The faerie’s golden hair cut through the dark mist of early dawn. She was oblivious to the hungry jackals trailing her.

“I know she’s here. She will not escape this time.” Her red velvet cape rustled softly with the chilly wind. Why will a young faerie be out at this time? She moved stealthily in between the thorny shrubs, their thorns clawing at the rich fabric of her cape. Then she saw her target, a hooded figure standing by an oak tree.

“Is she waiting for me?” thought the fairie. She took out a silver dagger from its sheath tied to her waist. “Somebody should stop her. She already got me into a lot of trouble. Father will get mad if I embarrass him.”

Before the moon hid behind its minion clouds, the fairie saw her target. It surprised her that she did not have any trouble getting close. Even the jackals crept nearby.

The figure remained still, unmindful to the danger behind her. Only her black cape moved. “You have to be stopped.” The fairie looked around. “Nobody has to know.” The dagger felt cool and unfeeling in the fairie’s hands, strangely mimicking her emotions. As she thrust it into the target’s back, the paradox of time came into effect. Everything happened so fast yet she was watched the scene unfold slowly as if time eerily dragged its feet. No sound emitted from the target even as her body hit the ground.

“There is no blood,” was the fairie’s first thought. Until she saw the first trickle touch the ground underneath the target’s hood. “Why is her blood so bright?” The moon peeked out of its hiding, shining into the murderer and her victim. “Why is her blood so bright? What does she look like?”

Instead of fleeing the scene, her curiosity got the better of her. She knelt down beside her victim, not pained by even the slightest morsel of remorse. Part of the hood hid the lifeless figure’s face.

“Father doesn’t have to know.” When her hand lifted the fabric covering the dead person’s face, she momentarily got puzzled. “She looks familiar’. Time again played its trick. She felt the moment freeze yet things seemed to happen in whirlwind. The fairie let out a fearful scream. How could this happen? “No, NO! AAAAHHHHHH!”

Lying there with glassy dead eyes, in an expanding pool of blood, was a figure with her face. She could not be mistaken. The pointed nose, the violet eyes on an oval face. She killed someone who was her.


“Beleau! Child wake up! WAKE UP!”

The fairie woke up in her bed, flushed with the relief of knowing it all was not true. It was seconds after that she realized her hair pasted flat on her skull with sweat. Her father usually spoke in whispers. But now, he spoke as loudly as someone asking for the sugar to be passed. This was the loudest she had heard him. He stopped shaking her then turned to someone in the room.

“What happened? Did anybody get inside?”

She was surprised that another being was in her room. The tall fairie clad in dark vestments shook his head. There was something about him that made it difficult to see him even with the candles already ablaze in the room. His entire persona seemed to retreat into the shadows. She peered at him yet could not clearly distinguish his features.

“Your daughter had her recurring nightmare. But this is the worse I’ve seen her react. There is no danger from outside. I will go back to my post.” With a bow, he jumped out the window in one fluid motion to wherever his post was.
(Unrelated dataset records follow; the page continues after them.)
(* Fix integers $m\ge d\ge1$, $\lambda=d/m$, and $\sigma>0$. Let $p_1,p_2,\dots$ be monic polynomials of degree $d$, $p_i(x)=\prod_{j=1}^d(x-r_{i,j}^2)$ with $r_{i,j}$ real, such that $\frac1d\sum_jr_{i,j}^2=\sigma^2$ for all $i$. For $N\ge1$ let $P_N=p_1\boxplus_{d,\lambda}\cdots\boxplus_{d,\lambda}p_N$ and let $\widetilde P_N$ be the monic polynomial of degree $2d$ whose roots are the roots of $\mathbb{S}P_N$ multiplied by $1/\sqrt N$. Then, as $N\to\infty$, $\widetilde P_N$ converges coefficientwise to the monic polynomial whose roots are those of $x\mapsto L_d^{(m-d)}\!\big(\tfrac{m x^2}{\sigma^2}\big)$.
   Context: $(p\boxplus_{d,\lambda}q)(x)=\sum_{k=0}^dx^{d-k}(-1)^k\sum_{i+j=k}\frac{(d-i)!(d-j)!}{d!(d-k)!}\frac{(m-i)!(m-j)!}{m!(m-k)!}a_ib_j$ for $p=\sum(-1)^ia_ix^{d-i}$, $q=\sum(-1)^ib_ix^{d-i}$; associative, bilinear, preserves monic polynomials with nonnegative roots. $\mathbb{S}P(x)=P(x^2)$. Generalized Laguerre polynomial: $L_d^{(\alpha)}(x)=\sum_{i=0}^d\binom{d+\alpha}{d-i}\frac{(-x)^i}{i!}$. *)

theory Defs
  imports "HOL-Analysis.Analysis" "HOL-Computational_Algebra.Polynomial"
begin

text \<open>Signed coefficients: for p of degree d, p = sum (-1)^i a_i x^(d-i), so
  a_i = (-1)^i * coeff p (d - i).\<close>
definition sgn_coeff :: "nat \<Rightarrow> real poly \<Rightarrow> nat \<Rightarrow> real" where
  "sgn_coeff d p i = (-1) ^ i * coeff p (d - i)"

text \<open>Rectangular finite free additive convolution with parameters d, m (lambda = d/m).\<close>
definition rect_conv :: "nat \<Rightarrow> nat \<Rightarrow> real poly \<Rightarrow> real poly \<Rightarrow> real poly" where
  "rect_conv d m p q =
     (\<Sum>k\<le>d. monom ((-1) ^ k *
        (\<Sum>i\<le>k. (fact (d - i) * fact (d - (k - i)) / (fact d * fact (d - k))) *
                  (fact (m - i) * fact (m - (k - i)) / (fact m * fact (m - k))) *
                  sgn_coeff d p i * sgn_coeff d q (k - i))) (d - k))"

text \<open>Iterated convolution: rect_iter d m p n = p 1 \<boxplus> ... \<boxplus> p (n+1).\<close>
primrec rect_iter :: "nat \<Rightarrow> nat \<Rightarrow> (nat \<Rightarrow> real poly) \<Rightarrow> nat \<Rightarrow> real poly" where
  "rect_iter d m p 0 = p 1"
| "rect_iter d m p (Suc n) = rect_conv d m (rect_iter d m p n) (p (Suc (Suc n)))"

definition P_N :: "nat \<Rightarrow> nat \<Rightarrow> (nat \<Rightarrow> real poly) \<Rightarrow> nat \<Rightarrow> real poly" where
  "P_N d m p N = rect_iter d m p (N - 1)"

definition Sop :: "real poly \<Rightarrow> real poly" where
  "Sop P = pcompose P [:0, 0, 1:]"

text \<open>Monic polynomial of degree 2d whose roots are those of the monic degree-2d
  polynomial Q, multiplied by 1/sqrt N: x \<mapsto> N^(-d) Q(sqrt N x).\<close>
definition scale_roots :: "nat \<Rightarrow> real \<Rightarrow> real poly \<Rightarrow> real poly" where
  "scale_roots d c Q = smult (1 / c ^ (2 * d)) (pcompose Q [:0, c:])"

definition P_tilde :: "nat \<Rightarrow> nat \<Rightarrow> (nat \<Rightarrow> real poly) \<Rightarrow> nat \<Rightarrow> real poly" where
  "P_tilde d m p N = scale_roots d (sqrt (real N)) (Sop (P_N d m p N))"

definition laguerre :: "nat \<Rightarrow> nat \<Rightarrow> real poly" where
  "laguerre d \<alpha> = (\<Sum>i\<le>d. monom (real ((d + \<alpha>) choose (d - i)) * (-1) ^ i / fact i) i)"

definition laguerre_limit :: "nat \<Rightarrow> nat \<Rightarrow> real \<Rightarrow> real poly" where
  "laguerre_limit d m \<sigma> =
     (let L = pcompose (laguerre d (m - d)) [:0, 0, real m / \<sigma>^2:]
      in smult (1 / lead_coeff L) L)"

end

theory Submission
  imports Defs
begin

text \<open>
  Weight the signed coefficients a_k of a polynomial of degree d by
  w_k = (d-k)! (m-k)! / (d! m!). In these coordinates the rectangular convolution is the
  Cauchy product of coefficient sequences (truncated at degree d), so the weighted coefficients
  of P_N are those of a product of N polynomials 1 + (\<sigma>^2/m) x + ... whose coefficients are
  bounded uniformly. The k-th coefficient of such a product is
  (N choose k) (\<sigma>^2/m)^k + O(N^(k-1)), so divided by N^k it tends to (\<sigma>^2/m)^k / k!.
  Undoing the weights and the substitution x \<mapsto> \<surd>N x^2 gives the coefficients of
  L_d^(m-d)(m x^2 / \<sigma>^2), normalised to be monic.
\<close>

section \<open>Polynomially bounded sequences\<close>

definition poly_bounded :: "nat \<Rightarrow> (nat \<Rightarrow> real) \<Rightarrow> bool" where
  "poly_bounded j f \<longleftrightarrow> (\<exists>K. \<forall>n. \<bar>f n\<bar> \<le> K * real (Suc n) ^ j)"

lemma poly_boundedI: "(\<And>n. \<bar>f n\<bar> \<le> K * real (Suc n) ^ j) \<Longrightarrow> poly_bounded j f"
  unfolding poly_bounded_def by blast

lemma poly_boundedE:
  assumes "poly_bounded j f"
  obtains K where "K \<ge> 0" "\<And>n. \<bar>f n\<bar> \<le> K * real (Suc n) ^ j"
proof -
  from assms obtain K where K: "\<And>n. \<bar>f n\<bar> \<le> K * real (Suc n) ^ j"
    unfolding poly_bounded_def by blast
  moreover have "K \<ge> 0" using K[of 0] by simp
  ultimately show thesis using that by blast
qed

lemma poly_bounded_mono:
  assumes "poly_bounded i f" "i \<le> j"
  shows "poly_bounded j f"
proof -
  obtain K where K: "K \<ge> 0" "\<And>n. \<bar>f n\<bar> \<le> K * real (Suc n) ^ i"
    using assms(1) by (elim poly_boundedE) blast
  have "K * real (Suc n) ^ i \<le> K * real (Suc n) ^ j" for n
    using K(1) assms(2) by (intro mult_left_mono power_increasing) auto
  with K(2) show ?thesis by (meson order_trans poly_boundedI)
qed

lemma poly_bounded_add:
  assumes "poly_bounded j f" "poly_bounded j g"
  shows "poly_bounded j (\<lambda>n. f n + g n)"
proof -
  obtain K where K: "\<And>n. \<bar>f n\<bar> \<le> K * real (Suc n) ^ j" using assms(1) by (elim poly_boundedE) blast
  obtain L where L: "\<And>n. \<bar>g n\<bar> \<le> L * real (Suc n) ^ j" using assms(2) by (elim poly_boundedE) blast
  have "\<bar>f n + g n\<bar> \<le> (K + L) * real (Suc n) ^ j" for n
    using abs_triangle_ineq[of "f n" "g n"] K[of n] L[of n] by (simp add: distrib_right)
  then show ?thesis by (rule poly_boundedI)
qed

lemma poly_bounded_sum:
  assumes "\<And>i. i \<in> A \<Longrightarrow> poly_bounded j (f i)"
  shows "poly_bounded j (\<lambda>n. \<Sum>i\<in>A. f i n)"
  using assms
proof (induction A rule: infinite_finite_induct)
  case (insert x F)
  then show ?case by (simp add: poly_bounded_add)
qed (simp_all add: poly_boundedI[of _ 0])

lemma poly_bounded_mult_bounded:
  assumes "poly_bounded j f" "\<And>n. \<bar>g n\<bar> \<le> M"
  shows "poly_bounded j (\<lambda>n. f n * g n)"
proof -
  obtain K where K: "K \<ge> 0" "\<And>n. \<bar>f n\<bar> \<le> K * real (Suc n) ^ j"
    using assms(1) by (elim poly_boundedE) blast
  have "\<bar>f n * g n\<bar> \<le> (K * real (Suc n) ^ j) * M" for n
    unfolding abs_mult using K assms(2) by (intro mult_mono) auto
  then show ?thesis by (intro poly_boundedI[of _ "K * M"]) (simp add: algebra_simps)
qed

lemma poly_bounded_cmult: "poly_bounded j f \<Longrightarrow> poly_bounded j (\<lambda>n. c * f n)"
  using poly_bounded_mult_bounded[of j f "\<lambda>_. c" "\<bar>c\<bar>"] by (simp add: mult.commute)

lemma poly_bounded_binomial: "poly_bounded k (\<lambda>n. real (Suc n choose k) * c)"
proof (rule poly_boundedI[of _ "\<bar>c\<bar>"])
  fix n
  have "Suc n choose k \<le> Suc n ^ k"
    by (cases "k \<le> Suc n") (simp_all add: binomial_le_pow binomial_eq_0)
  then have "real (Suc n choose k) \<le> real (Suc n) ^ k"
    by (metis of_nat_le_iff of_nat_power)
  then show "\<bar>real (Suc n choose k) * c\<bar> \<le> \<bar>c\<bar> * real (Suc n) ^ k"
    by (simp add: abs_mult mult.commute mult_left_mono)
qed

lemma poly_bounded_Suc_of_diff:
  assumes "poly_bounded j (\<lambda>n. e (Suc n) - e n)"
  shows "poly_bounded (Suc j) e"
proof -
  obtain K where K: "K \<ge> 0" "\<And>n. \<bar>e (Suc n) - e n\<bar> \<le> K * real (Suc n) ^ j"
    using assms by (elim poly_boundedE) blast
  show ?thesis
  proof (rule poly_boundedI[of _ "\<bar>e 0\<bar> + K"])
    fix n
    have "\<bar>e n - e 0\<bar> = \<bar>\<Sum>l<n. e (Suc l) - e l\<bar>"
      by (simp add: sum_lessThan_telescope)
    also have "\<dots> \<le> (\<Sum>l<n. K * real (Suc n) ^ j)"
    proof (rule order_trans[OF sum_abs sum_mono])
      fix l assume "l \<in> {..<n}"
      then have "K * real (Suc l) ^ j \<le> K * real (Suc n) ^ j"
        using K(1) by (intro mult_left_mono power_mono) auto
      then show "\<bar>e (Suc l) - e l\<bar> \<le> K * real (Suc n) ^ j" using K(2)[of l] by linarith
    qed
    also have "\<dots> \<le> K * real (Suc n) ^ Suc j"
      using K(1) by (simp add: mult_left_mono mult.left_commute)
    finally have "\<bar>e n\<bar> \<le> \<bar>e 0\<bar> + K * real (Suc n) ^ Suc j" by linarith
    moreover have "\<bar>e 0\<bar> \<le> \<bar>e 0\<bar> * real (Suc n) ^ Suc j"
      using mult_left_mono[OF one_le_power[of "real (Suc n)" "Suc j"], of "\<bar>e 0\<bar>"] by simp
    ultimately show "\<bar>e n\<bar> \<le> (\<bar>e 0\<bar> + K) * real (Suc n) ^ Suc j"
      by (simp add: distrib_right)
  qed
qed

lemma poly_bounded_divide_power_tendsto_0:
  assumes "poly_bounded j e"
  shows "(\<lambda>n. e n / real (Suc n) ^ Suc j) \<longlonglongrightarrow> 0"
proof -
  obtain K where K: "K \<ge> 0" "\<And>n. \<bar>e n\<bar> \<le> K * real (Suc n) ^ j"
    using assms by (elim poly_boundedE) blast
  have "norm (e n / real (Suc n) ^ Suc j) \<le> K / real (Suc n)" for n
    using divide_right_mono[OF K(2)[of n], of "real (Suc n) ^ Suc j"]
    by (simp del: of_nat_Suc)
  then show ?thesis
    by (intro Lim_null_comparison[OF always_eventually LIMSEQ_Suc[OF lim_const_over_n]]) auto
qed

lemma binomial_divide_power_tendsto:
  "(\<lambda>n. real (Suc n choose k) / real (Suc n) ^ k) \<longlonglongrightarrow> 1 / fact k"
proof -
  have eq: "real (Suc n choose k) / real (Suc n) ^ k
      = (\<Prod>i<k. 1 - real i / real (Suc n)) / fact k" for n
  proof -
    have "(\<Prod>i<k. 1 - real i / real (Suc n)) = (\<Prod>i<k. (real (Suc n) - real i) / real (Suc n))"
      by (rule prod.cong) (simp_all add: field_simps del: of_nat_Suc)
    also have "\<dots> = (\<Prod>i<k. real (Suc n) - real i) / real (Suc n) ^ k"
      by (simp add: prod_dividef)
    also have "(\<Prod>i<k. real (Suc n) - real i) = real (Suc n choose k) * fact k"
      by (simp add: binomial_gbinomial gbinomial_prod_rev atLeast0LessThan)
    finally show ?thesis by simp
  qed
  have "(\<lambda>n. (\<Prod>i<k. 1 - real i / real (Suc n)) / fact k) \<longlonglongrightarrow> (\<Prod>i<k. 1 - 0) / fact k"
    by (intro tendsto_divide tendsto_prod tendsto_diff tendsto_const
        LIMSEQ_Suc[OF lim_const_over_n]) auto
  then show ?thesis unfolding eq by simp
qed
“You have me guarded by night fairies? Since when, Father?” Beleau straightened her hair.

“Since birth, my dear. Even during daytime. You haven’t noticed them? Well, then they’re as good as they say they are. Pricey but effective. Your father is an important man in the palace. And with the palace under siege from evil elements at all times, I have to make sure you are protected.”

“Why? Are we being attacked?” She grew fearful. The remnants of her dream trailing down at her.

“Not now. Who knows? We have to be prepared at all times.” He got up and patted her head. “Change your clothes. I’ll have the maids change your bedding. Your bed is so wet with sweat you might as well have swum there. Join me for hot chocolate.”

Cool night wind streamed from the veranda. They lived in an apartment within the palace. When Beleau stepped into her father’s study, the familiar aroma of hot chocolate wafted to the door. Whenever she felt down, her father’s hot chocolate had comforted her since she was a child. It was the thing she needed tonight.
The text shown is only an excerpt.